I am often left bewildered as to how the world is not aware that many a women adore their cars quite as much and at times more than a regular Joe would. I have been asked repeatedly that what is it which bonds me to my car or any others for that matter. I have sat down by my thoughts with John Lennon in the background and pondered over the question. The answer was always a very simple one. What bonded me to my car was the sense of liberation it helped me attain. As the wind would brush my hair with the scenery fluttering by while I sat behind the wheel, I felt indestructible. Afar from the reach clawing hands of strangers and loved ones.
Maybe there are many a women out there somewhere, who have loved driving. I had not met a woman driver in all my twenty-one years who had shared my passion, until ten days ago on a kind Monday that belonged to a week of perceptual Sundays. Warm words were exchanged in a balcony while peeling oranges and smelling citrus as we discussed cars. We played our own version of "I spy" with cars that zoomed past the narrow by-lanes and usually came to stand still around the corner. She told me about her lover for off-roading and how she was considering changing her Mahindra Scorpio to meet with the challenges that came with driving on a rough terrain. To her driving meant much more than freedom and independence. It was a quest, a journey which she never wanted to put an end to. Who would have thought that driving could be transcendental and probably had healing powers? It saddened me to bid adieu to her, the warmth of her house and lastly her car. A battered Red Mahindra Thar who had numerous stories hidden deep within its soul, just waiting to be told.

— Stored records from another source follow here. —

lemma weakly_almost_additive_zero_extension:
  assumes "weakly_almost_additive \<phi> G"
  obtains C where "(\<lambda>n. C n / real n) \<longlonglongrightarrow> 0"
    and "almost_additive \<phi> (\<lambda>n. if n = 0 then (\<lambda>_. 0) else G n) C"
proof -
  obtain C where lim: "(\<lambda>n. C n / real n) \<longlonglongrightarrow> 0" and
    ineq: "\<And>m n x. m \<ge> 1 \<Longrightarrow> n \<ge> 1 \<Longrightarrow>
      - C m + G m x + G n ((\<phi> ^^ m) x) \<le> G (m + n) x \<and> G (m + n) x \<le> C m + G m x + G n ((\<phi> ^^ m) x)"
    using assms unfolding weakly_almost_additive_def by blast
  have "(\<lambda>n. \<bar>C n\<bar> / real n) \<longlonglongrightarrow> 0"
    using tendsto_rabs_zero[OF lim] by simp
  moreover have "almost_additive \<phi> (\<lambda>n. if n = 0 then (\<lambda>_. 0) else G n) (\<lambda>m. \<bar>C m\<bar>)"
  proof
    fix m n x
    show "\<bar>(if m + n = 0 then (\<lambda>_. 0) else G (m + n)) x - (if m = 0 then (\<lambda>_. 0) else G m) x
        - (if n = 0 then (\<lambda>_. 0) else G n) ((\<phi> ^^ m) x)\<bar> \<le> \<bar>C m\<bar>"
    proof (cases "m = 0 \<or> n = 0")
      case True
      then show ?thesis
        by auto
    next
      case False
      then have "\<bar>G (m + n) x - G m x - G n ((\<phi> ^^ m) x)\<bar> \<le> C m"
        using ineq[of m n x] by (simp add: abs_le_iff)
      then show ?thesis
        using False by simp
    qed
  qed
  ultimately show ?thesis
    by (rule that)
qed

theorem lemma6p2:
  fixes \<phi> :: "'a::metric_space \<Rightarrow> 'a" and G :: "nat \<Rightarrow> 'a \<Rightarrow> real"
  assumes "compact (UNIV :: 'a set)"
    and "continuous_on UNIV \<phi>"
    and "\<And>n. n \<ge> 1 \<Longrightarrow> G n \<in> borel_measurable borel"
    and "\<And>n. n \<ge> 1 \<Longrightarrow> bounded (range (G n))"
    and "weakly_almost_additive \<phi> G"
  shows "(\<lambda>k. limsup (\<lambda>n. ereal (sup_norm (\<lambda>x. G n x - birkhoff_sum \<phi> n (G k) x / real k) / real n)))
           \<longlonglongrightarrow> 0"
proof -
  define G' where "G' = (\<lambda>n. if n = 0 then (\<lambda>_. 0) else G n)"
  obtain C where C: "(\<lambda>n. C n / real n) \<longlonglongrightarrow> 0" and additive: "almost_additive \<phi> G' C"
    unfolding G'_def by (rule weakly_almost_additive_zero_extension[OF assms(5)])
  interpret almost_additive \<phi> G' C
    by (fact additive)
  have bounded: "bounded (range (G' m))" for m
    using assms(4)[of m] by (cases "m = 0") (simp_all add: G'_def)
  define L where "L k = limsup (\<lambda>n. ereal (sup_norm (\<lambda>x. G n x - birkhoff_sum \<phi> n (G k) x / real k) / real n))" for k
  have L_bounds: "0 \<le> L k" "L k \<le> ereal (C k / real k)" if "k \<ge> 1" for k
  proof -
    have "L k = limsup (\<lambda>n. ereal (sup_norm (\<lambda>x. G' n x - birkhoff_sum \<phi> n (G' k) x / real k) / real n))"
      unfolding L_def using that by (intro Limsup_eq eventually_sequentiallyI[of 1]) (simp add: G'_def)
    then show "0 \<le> L k" "L k \<le> ereal (C k / real k)"
      using limsup_birkhoff_average_defect[OF that bounded] by simp_all
  qed
  have "\<forall>\<^sub>F k in sequentially. 0 \<le> L k" "\<forall>\<^sub>F k in sequentially. L k \<le> ereal (C k / real k)"
    using L_bounds by (intro eventually_sequentiallyI[of 1]; simp)+
  moreover have "(\<lambda>k. ereal (C k / real k)) \<longlonglongrightarrow> 0"
    using C by (simp add: zero_ereal_def)
  ultimately have "L \<longlonglongrightarrow> 0"
    by (rule tendsto_sandwich[OF _ _ tendsto_const])
  then show ?thesis
    unfolding L_def .
qed
definition bethe_base :: "nat \<Rightarrow> complex \<Rightarrow> complex" where
  "bethe_base d w = w * (w + 1) ^ (d - 1)"

lemma roots_eq_bethe_base: "roots_eq d N z = {w. bethe_base d w ^ N = z ^ (d * N)}"
proof -
  have "d * N - N = (d - 1) * N" by (simp add: diff_mult_distrib)
  then show ?thesis by (simp add: roots_eq_def bethe_base_def power_mult_distrib power_mult)
qed

lemma roots_eq_nonzero:
  assumes "w \<in> roots_eq d N z" "z \<noteq> 0" "d \<ge> 2" "N \<ge> 1"
  shows "w \<noteq> 0" "w + 1 \<noteq> 0"
  using assms by (auto simp: roots_eq_def power_0_left)

lemma bij_betw_bethe_base_Rset:
  assumes d: "d \<ge> 2" and N: "N \<ge> 1" and z: "0 < cmod z" "cmod z < r0 d"
  shows "bij_betw (bethe_base d) (Rset d N z) {c. c ^ N = z ^ (d * N)}"
proof -
  have ex1: "\<exists>!w. - rho d < Re w \<and> bethe_base d w = c" if c: "c ^ N = z ^ (d * N)" for c
  proof -
    have "cmod c ^ N = (cmod z ^ d) ^ N"
      using arg_cong[OF c, of cmod] by (simp add: norm_power power_mult)
    then have "cmod c = cmod z ^ d"
      using N by (auto intro: power_eq_imp_eq_base)
    also have "\<dots> < r0 d ^ d"
      using z d by (intro power_strict_mono) auto
    finally have "cmod c < rho d * (1 - rho d) ^ (d - 1)"
      using r0_power[OF d] by simp
    moreover have "0 < rho d" "rho d < 1" "real (d - 1) * rho d \<le> 1 - rho d"
      using d by (auto simp: rho_def field_simps of_nat_diff)
    ultimately show ?thesis
      unfolding bethe_base_def by (intro ex1_root_in_half_plane) auto
  qed
  show ?thesis
    unfolding bij_betw_def inj_on_def
  proof (intro conjI ballI impI equalityI subsetI)
    fix x y assume "x \<in> Rset d N z" "y \<in> Rset d N z" "bethe_base d x = bethe_base d y"
    with ex1[of "bethe_base d x"] show "x = y"
      by (auto simp: Rset_def roots_eq_bethe_base)
  next
    fix c assume "c \<in> bethe_base d ` Rset d N z"
    then show "c \<in> {c. c ^ N = z ^ (d * N)}"
      by (auto simp: Rset_def roots_eq_bethe_base)
  next
    fix c assume c: "c \<in> {c. c ^ N = z ^ (d * N)}"
    with ex1[of c] obtain w where "- rho d < Re w" "bethe_base d w = c" by auto
    with c show "c \<in> bethe_base d ` Rset d N z"
      by (auto simp: Rset_def roots_eq_bethe_base)
  qed
qed

lemma Rset_finite_card:
  assumes "d \<ge> 2" "N \<ge> 1" "0 < cmod z" "cmod z < r0 d"
  shows "finite (Rset d N z)" "card (Rset d N z) = N"
proof -
  have roots: "card {c :: complex. c ^ N = z ^ (d * N)} = N"
    using assms by (intro card_nth_roots) auto
  then have "finite {c :: complex. c ^ N = z ^ (d * N)}"
    using assms(2) by (intro card_ge_0_finite) auto
  with roots bij_betw_bethe_base_Rset[OF assms]
  show "finite (Rset d N z)" "card (Rset d N z) = N"
    by (auto dest: bij_betw_finite bij_betw_same_card)
qed

definition vandermonde :: "nat \<Rightarrow> (nat \<Rightarrow> 'a :: comm_ring_1) \<Rightarrow> 'a mat" where
  "vandermonde n x = mat n n (\<lambda>(i, j). x i ^ (n - Suc j))"

lemma permutes_of_bij_betw:
  fixes n :: nat
  assumes f: "bij_betw f {..<n} W" and h: "bij_betw h {..<n} W"
  obtains p where "p permutes {0..<n}" "\<And>i. i < n \<Longrightarrow> h i = f (p i)"
proof -
  define p where "p i = (if i < n then inv_into {..<n} f (h i) else i)" for i
  have "bij_betw (inv_into {..<n} f \<circ> h) {..<n} {..<n}"
    using h bij_betw_inv_into[OF f] by (rule bij_betw_trans)
  then have "bij_betw p {..<n} {..<n}"
    by (rule bij_betw_cong[THEN iffD1, rotated]) (auto simp: p_def)
  then have "p permutes {..<n}"
    by (rule bij_imp_permutes) (simp add: p_def)
  then have "p permutes {0..<n}"
    by (simp add: atLeast0LessThan)
  moreover have "h i = f (p i)" if "i < n" for i
  proof -
    have "h i \<in> f ` {..<n}" using f h that by (auto simp: bij_betw_def)
    then show ?thesis using that by (simp add: p_def f_inv_into_f)
  qed
  ultimately show ?thesis using that by blast
qed

lemma det_mat_rows_permute:
  assumes p: "p permutes {0..<n}" and h: "\<And>i. i < n \<Longrightarrow> h i = f (p i)"
  shows "det (mat n n (\<lambda>(i, j). F (h i) j)) = signof p * det (mat n n (\<lambda>(i, j). F (f i) j))"
proof -
  have "det (mat n n (\<lambda>(i, j). F (h i) j))
      = det (mat n n (\<lambda>(i, j). mat n n (\<lambda>(i, j). F (f i) j) $$ (p i, j)))"
    using h permutes_in_image[OF p] by (intro arg_cong[where f = det] eq_matI) auto
  also have "\<dots> = signof p * det (mat n n (\<lambda>(i, j). F (f i) j))"
    by (rule det_permute_rows[OF _ p]) simp
  finally show ?thesis .
qed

The first time I ever sat in a car, my mother’s words echoed in my ears… “you must never harbour a soul by letting yours sail away.” What Amma didn’t realise was that the car and I had already become one soul and how could I ever part with my soul. I have always believed that when you find the equilibrium of the world distilled within your stomach; just breathe in and breathe out.
The equilibrium does more often than not becomes hazy to me, especially when I am told that being a woman I am not allowed to love my car and be passionate towards driving. It is in moments like these that I all do is breathe in and breathe out.
The more I write, the more I realise how impossible it is for me to write about what driving to me is. To me it's the warmth of an old friend, smell of an orange, quick breeze, thudding of my heart, familiar noise of an engine and the comfort of a lover. Driving is all that and so much more.